Former first lady Rosalynn Carter had entered hospice care on Friday at home in Plains, Georgia.
WASHINGTON — Rosalynn Carter, the former First Lady of the United States who changed what it meant to serve in that role, has died. She was 96.
The Carter Center announced her death on Sunday afternoon.
On Friday, Carter had entered hospice care at home in Plains, Georgia. The family announced earlier this year that the former first lady had been diagnosed with dementia. The former president, now 99, entered hospice care at home in February.
Eleanor Rosalynn Smith was born in Plains, Georgia on August 18, 1927. She was the eldest of four children.
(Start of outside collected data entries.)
lemma post_hat_tail_subset_far_events:
  fixes cp cg :: "nat set \<Rightarrow> real"
  assumes "0 < n" "0 < E"
    and prior_nonneg: "\<And>z. z \<subseteq> {..<p} \<Longrightarrow> 0 \<le> prior z"
    and zs: "zs \<in> prior_supp p prior"
    and \<epsilon>: "(\<Sum>z\<in>prior_supp p prior - {zs}. prior z / prior zs
      * exp (real n * real E * (4 * \<delta> - ((cp z - cg z) - (cp zs - cg zs))))) \<le> \<epsilon> \<or> 1 \<le> \<epsilon>"
  shows "{\<omega> \<in> space M. 1 - post_hat p E prior Xd phat ghat n zs \<omega> > \<epsilon>}
    \<subseteq> (\<Union>z\<in>prior_supp p prior. far_event M \<delta> (\<lambda>n. avg_loglik E Xd z (phat n z) n) (cp z) n
      \<union> far_event M \<delta> (\<lambda>n. avg_loglik E Xd z (\<lambda>_. ghat n z) n) (cg z) n)"
proof safe
  fix \<omega> assume \<omega>: "\<omega> \<in> space M" and tail: "1 - post_hat p E prior Xd phat ghat n zs \<omega> > \<epsilon>"
  show "\<omega> \<in> (\<Union>z\<in>prior_supp p prior. far_event M \<delta> (\<lambda>n. avg_loglik E Xd z (phat n z) n) (cp z) n
      \<union> far_event M \<delta> (\<lambda>n. avg_loglik E Xd z (\<lambda>_. ghat n z) n) (cg z) n)"
  proof (rule ccontr)
    assume "\<omega> \<notin> (\<Union>z\<in>prior_supp p prior. far_event M \<delta> (\<lambda>n. avg_loglik E Xd z (phat n z) n) (cp z) n
      \<union> far_event M \<delta> (\<lambda>n. avg_loglik E Xd z (\<lambda>_. ghat n z) n) (cg z) n)"
    with \<omega> have "\<And>z. z \<in> prior_supp p prior \<Longrightarrow>
        \<not> ereal \<delta> < \<bar>avg_loglik E Xd z (phat n z) n \<omega> - ereal (cp z)\<bar>"
      "\<And>z. z \<in> prior_supp p prior \<Longrightarrow>
        \<not> ereal \<delta> < \<bar>avg_loglik E Xd z (\<lambda>_. ghat n z) n \<omega> - ereal (cg z)\<bar>"
      unfolding far_event_def by auto
    from one_minus_post_hat_le[where phat=phat and ghat=ghat and cp=cp and cg=cg,
        OF assms(1,2) prior_nonneg zs this] \<epsilon> tail
    show False by linarith
  qed
qed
When she was 13, her father, Wilburn Edgar Smith, died of leukemia. Rosalynn was forced to take charge of her family while her mother got a job.
She later credited her mother, Frances Allethea Murray Smith, with infusing her with a sense of independence.
“I learned from my mother you can do what you have to do,” she told the Chicago Tribune in 2002.
Rosalynn attended Plains High School and graduated from Georgia Southwestern College in 1946.
Rosalynn and Jimmy Carter were married on July 7, 1946 – one month before Rosalynn’s 19th birthday. They had three sons over the next six years — John William, James Earl III and Donnel Jeffrey – and then waited another 15 years before having a daughter, Amy.
She was a full partner with Jimmy in business and as he entered local, state and national politics. Jimmy declared Rosalynn was the “only politician in the family” – and he meant it.